● Exercise directions:
Please find all lines in the data that hold the string "Prod" and copy them.

(Records begins)

(* For any $n\ge2$ and $D\subseteq[n-1]$, \[ \widetilde{Q}_{n,D}(1,q,q^2,\dots;t,tq,tq^2,\dots)=\frac{1}{(q;q)_n}\sum_{S\subseteq[n]}q^{\operatorname{comaj}(D,S)}t^{|S|}, \] i.e. the specialization $x_i=q^{i-1}$, $y_i=tq^{i-1}$ of $\widetilde{Q}_{n,D}(\mathbf{x};\mathbf{y})$ is as shown, where $(q;q)_n=(1-q)(1-q^2)\cdots(1-q^n)$.
   Context: Let $\mathcal{A}_+=\{1,2,\dots\}$, $\mathcal{A}_-=\{\bar1,\bar2,\dots\}$, and $\mathcal{A}=\mathcal{A}_+\sqcup\mathcal{A}_-$ totally ordered as $1<\bar1<2<\bar2<\cdots$. Set $z_a=x_a$ for $a\in\mathcal{A}_+$ and $z_{\bar b}=y_b$. The super quasisymmetric function is \[ \widetilde{Q}_{n,D}(\mathbf{x};\mathbf{y})=\sum z_{a_1}z_{a_2}\cdots z_{a_n}, \] summed over weakly increasing sequences $a_1\le\cdots\le a_n$ in $\mathcal{A}$ such that $a_i=a_{i+1}\in\mathcal{A}_+$ implies $i\notin D$ and $a_i=a_{i+1}\in\mathcal{A}_-$ implies $i\in D$. For $D\subseteq[n-1]$, $S\subseteq[n]$, the relative comajor index is $\operatorname{comaj}(D,S)=\sum (n-i)$ over all $1\le i\le n-1$ such that either ($i\in D$ and $i+1\notin S$) or ($i\notin D$ and $i\in S$). *)

theory Defs
  imports "HOL-Analysis.Analysis"
begin

text \<open>The alphabet: Pos i is the letter i of A_+, Neg i is the barred letter of A_-
  (only indices i \<ge> 1 are letters). The total order 1 < 1bar < 2 < 2bar < ...
  is given via the rank function.\<close>
datatype letter = Pos nat | Neg nat

fun letter_idx :: "letter \<Rightarrow> nat" where
  "letter_idx (Pos i) = i" | "letter_idx (Neg i) = i"

fun letter_rank :: "letter \<Rightarrow> nat" where
  "letter_rank (Pos i) = 2 * i" | "letter_rank (Neg i) = 2 * i + 1"

definition letter_le :: "letter \<Rightarrow> letter \<Rightarrow> bool" where
  "letter_le a b \<longleftrightarrow> letter_rank a \<le> letter_rank b"

fun is_pos :: "letter \<Rightarrow> bool" where
  "is_pos (Pos _) = True" | "is_pos (Neg _) = False"

definition alphabet :: "letter set" where
  "alphabet = {a. letter_idx a \<ge> 1}"

text \<open>Sequences a_1 ... a_n are lists of length n, with a_i = as ! (i - 1).
  The index set of the super quasisymmetric function Q~_{n,D}.\<close>
definition super_seqs :: "nat \<Rightarrow> nat set \<Rightarrow> letter list set" where
  "super_seqs n D = {as. length as = n \<and> set as \<subseteq> alphabet \<and>
     (\<forall>i\<in>{1..n-1}. letter_le (as ! (i - 1)) (as ! i)) \<and>
     (\<forall>i\<in>{1..n-1}. as ! (i - 1) = as ! i \<and> is_pos (as ! i) \<longrightarrow> i \<notin> D) \<and>
     (\<forall>i\<in>{1..n-1}. as ! (i - 1) = as ! i \<and> \<not> is_pos (as ! i) \<longrightarrow> i \<in> D)}"

fun z_spec :: "complex \<Rightarrow> complex \<Rightarrow> letter \<Rightarrow> complex" where
  "z_spec q t (Pos i) = q ^ (i - 1)"
| "z_spec q t (Neg i) = t * q ^ (i - 1)"

definition monomial_spec :: "complex \<Rightarrow> complex \<Rightarrow> letter list \<Rightarrow> complex" where
  "monomial_spec q t as = (\<Prod>a\<leftarrow>as. z_spec q t a)"

definition comaj :: "nat \<Rightarrow> nat set \<Rightarrow> nat set \<Rightarrow> nat" where
  "comaj n D S = (\<Sum>i\<in>{i\<in>{1..n-1}. (i \<in> D \<and> i + 1 \<notin> S) \<or> (i \<notin> D \<and> i \<in> S)}. n - i)"

definition qpoch :: "complex \<Rightarrow> nat \<Rightarrow> complex" where
  "qpoch q n = (\<Prod>k=1..n. 1 - q ^ k)"

end

theory Submission
  imports Defs
begin

text \<open>Record a sequence in \<open>super_seqs n D\<close> by its set \<open>S\<close> of barred positions and its
  indices \<open>m 1, ..., m n\<close>. For fixed \<open>S\<close> the defining conditions say exactly that \<open>m 1 \<ge> 1\<close>,
  that \<open>m (i+1) \<ge> m i + 1\<close> at the positions \<open>i\<close> counted by \<open>comaj n D S\<close> (those with
  \<open>strict_at D S i\<close>), and that \<open>m (i+1) \<ge> m i\<close> elsewhere. Writing every index as its least
  admissible value plus a slack \<open>c i \<ge> 0\<close> identifies these sequences with \<open>\<nat>\<^sup>n\<close>. Since \<open>c j\<close>
  raises all of \<open>m j, ..., m n\<close>, the specialised monomial becomes
  \<open>t ^ card S * q ^ comaj n D S * (\<Prod>j. (q ^ (n + 1 - j)) ^ c j)\<close>, and the product of the
  geometric series over the \<open>c j\<close> is \<open>1 / qpoch q n\<close>.\<close>

lemma has_sum_geometric:
  fixes z :: "'a :: {real_normed_field, banach}"
  assumes "norm z < 1"
  shows "((\<lambda>k. z ^ k) has_sum (1 / (1 - z))) UNIV"
proof (rule norm_summable_imp_has_sum)
  show "summable (\<lambda>k. norm (z ^ k))"
    using assms by (simp add: norm_power summable_geometric)
  show "(\<lambda>k. z ^ k) sums (1 / (1 - z))"
    using geometric_sums[OF assms] by simp
qed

(Records ends)

● Answer for this exercise:
  "monomial_spec q t as = (\<Prod>a\<leftarrow>as. z_spec q t a)"
  "qpoch q n = (\<Prod>k=1..n. 1 - q ^ k)"
  \<open>t ^ card S * q ^ comaj n D S * (\<Prod>j. (q ^ (n + 1 - j)) ^ c j)\<close>, and the product of the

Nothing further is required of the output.